2012-06-19 14:51:40 UTC

DataStax recommends not to run major compactions. Edward Capriolo's
Cassandra High Performance book suggests that major compaction is a good
thing. And should be run on a regular basis. Are there any ground rules
about running major compactions? For example, if you have write-once kind
of data that is never updated then it probably makes sense to not run
major compaction. But if you have data which can be deleted or overwritten
does it make sense to run major compaction on a regular basis?

Thanks
-Raj

Edward Capriolo

2012-06-19 19:30:20 UTC

Permalink

Hey my favorite question! It is a loaded question and it depends on
your workload. The answer has evolved over time.

In the old days <0.6.5 the only way to remove tombstones was major
compaction. This is not true in any modern version.

(Also in the old days you had to run cleanup to clear hints)

Cassandra now has two compaction strategies SizeTiered and Leveled.
Leveled DB can not be manually compacted.

You final two sentences are good ground rules. In our case we have
some column families that have high churn, for example a gc_grace
period of 4 days but the data is re-written completely every day.
Write activity over time will eventually cause tombstone removal but
we can expedite the process by forcing a major at night. Because the
tables are not really growing the **warning** below does not apply.

**Warning** this creates one large sstable. Which is not always
desirable, because it fiddles with the heuristics of SizeTiered
(having one big table and other smaller ones).

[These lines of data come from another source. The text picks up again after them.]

(* Let $G=(V,w,m)$ be a finite connected weighted graph satisfying $CD(K,\infty)$ for some $K>0$, let $D:=\operatorname{Deg}_{\max}$, and let $0=\lambda_0<\lambda_1\le\lambda_2\le\dots$ be the eigenvalues of $-\Delta$ counted with multiplicity. Suppose $\lambda_{\deg_{\max}}=K$. Then: (1) $G$ has the hypercube shell structure $HSS\left(\frac{2D}K,\frac K2,x_0\right)$ for every $x_0\in V$; (2) $G$ has constant edge degree, i.e. there is $\kappa_0>0$ with $w(x,y)/m(x)\in\{0,\kappa_0\}$ for all $x,y\in V$.
   Context: A weighted graph is $G=(V,w,m)$ with $V$ countable, $w:V\times V\to[0,\infty)$ symmetric with $w(x,x)=0$, $m:V\to(0,\infty)$; $x\sim y$ iff $w(x,y)>0$. Laplacian $\Delta f(x)=\frac1{m(x)}\sum_y w(x,y)(f(y)-f(x))$ (self-adjoint on $\ell^2(V,m)$). $\operatorname{Deg}(x)=\frac1{m(x)}\sum_yw(x,y)$, $\operatorname{Deg}_{\max}=\max_x\operatorname{Deg}(x)$, $\deg(x)=\#\{y:y\sim x\}$, $\deg_{\max}=\max_x\deg(x)$. $d$ is the combinatorial graph distance. $2\Gamma(f,g)=\Delta(fg)-f\Delta g-g\Delta f$, $2\Gamma_2(f,g)=\Delta\Gamma(f,g)-\Gamma(f,\Delta g)-\Gamma(g,\Delta f)$, $\Gamma f=\Gamma(f,f)$, $\Gamma_2f=\Gamma_2(f,f)$; $CD(K,\infty)$ means $\Gamma_2f(x)\ge K\Gamma f(x)$ for all $f$ and $x$. $d_-^{x_0}(z)=\sum_{y\sim z,\ d(y,x_0)<d(z,x_0)}\frac{w(y,z)}{m(z)}$. Hypercube shell structure $HSS(N,W,x_0)$ ($N,W>0$): (i) $\operatorname{Deg}(x)=NW$ for all $x\in V$; (ii) $G$ is bipartite; (iii) $d_-^{x_0}(x)=W\,d(x,x_0)$ for all $x\in V$. *)

theory Defs
  imports "HOL-Analysis.Analysis" "HOL-Computational_Algebra.Polynomial"
begin

definition weighted_graph :: "('v::finite \<Rightarrow> 'v \<Rightarrow> real) \<Rightarrow> ('v \<Rightarrow> real) \<Rightarrow> bool" where
  "weighted_graph w m \<longleftrightarrow> (\<forall>x y. w x y = w y x) \<and> (\<forall>x y. w x y \<ge> 0) \<and>
      (\<forall>x. w x x = 0) \<and> (\<forall>x. m x > 0)"

definition adj :: "('v \<Rightarrow> 'v \<Rightarrow> real) \<Rightarrow> 'v \<Rightarrow> 'v \<Rightarrow> bool" where
  "adj w x y \<longleftrightarrow> w x y > 0"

The updated answer is "You probably do not want to run major
compactions, but some use cases could see some benefits"

Post by Raj N
DataStax recommends not to run major compactions. Edward Capriolo's
Cassandra High Performance book suggests that major compaction is a good
thing. And should be run on a regular basis. Are there any ground rules
about running major compactions? For example, if you have write-once kind of
data that is never updated then it probably makes sense to not run major
compaction. But if you have data which can be deleted or overwritten does it
make sense to run major compaction on a regular basis?
Thanks
-Raj

Raj N

2012-06-19 21:31:18 UTC

Permalink

Thanks Ed. I am on 0.8.4. So I don't have Leveled option, only SizeTiered.
I have a strange problem. I have a 6 node cluster(DC1=3, DC2=3). One of the
nodes has 105 GB data where as every other node has 60 GB in spite of each
one being a replica of the other. And I am contemplating whether I should
be running compact/cleanup on the node with 105GB. Btw side question, does
it make sense to run it just for 1 node or is it advisable to run it for
all? This node also giving me some issues lately. Last night during some
heavy load, I got a lot of TimedOutExceptions from this node. The node was
also flapping. I could see in the logs that it could see the peers dying
ans coming back up, utlimately throwing UnavailableException(and sometimes
TimedOutException) on my requests. I use JNA mlockAll. So the JVM is
definitely not swapping. I see a full GC running(according to GCInspector)
for 15 secondsaround the same time. But even after the GC, requests were
timing out. Cassandra runs with Xmx8G, Xmn800M. Total RAM on the machine
62GB. I don't use any meaningful Key cache or row cache and rely on OS file
cache. Top shows VIRT as 116G(which makes sense since I have 105GB data).
Have you seen any issues with data this size on a node?

-Raj

Post by Edward Capriolo
Hey my favorite question! It is a loaded question and it depends on
your workload. The answer has evolved over time.
In the old days <0.6.5 the only way to remove tombstones was major
compaction. This is not true in any modern version.
(Also in the old days you had to run cleanup to clear hints)
Cassandra now has two compaction strategies SizeTiered and Leveled.
Leveled DB can not be manually compacted.
You final two sentences are good ground rules. In our case we have
some column families that have high churn, for example a gc_grace
period of 4 days but the data is re-written completely every day.
Write activity over time will eventually cause tombstone removal but
we can expedite the process by forcing a major at night. Because the
tables are not really growing the **warning** below does not apply.
**Warning** this creates one large sstable. Which is not always
desirable, because it fiddles with the heuristics of SizeTiered
(having one big table and other smaller ones).
The updated answer is "You probably do not want to run major
compactions, but some use cases could see some benefits"

kind of

Post by Raj N
data that is never updated then it probably makes sense to not run major
compaction. But if you have data which can be deleted or overwritten

does it

Post by Raj N
make sense to run major compaction on a regular basis?
Thanks
-Raj

Jonathan Ellis

2012-06-20 00:49:56 UTC

Permalink

Post by Edward Capriolo
You final two sentences are good ground rules. In our case we have
some column families that have high churn, for example a gc_grace
period of 4 days but the data is re-written completely every day.
Write activity over time will eventually cause tombstone removal but
we can expedite the process by forcing a major at night. Because the
tables are not really growing the **warning** below does not apply.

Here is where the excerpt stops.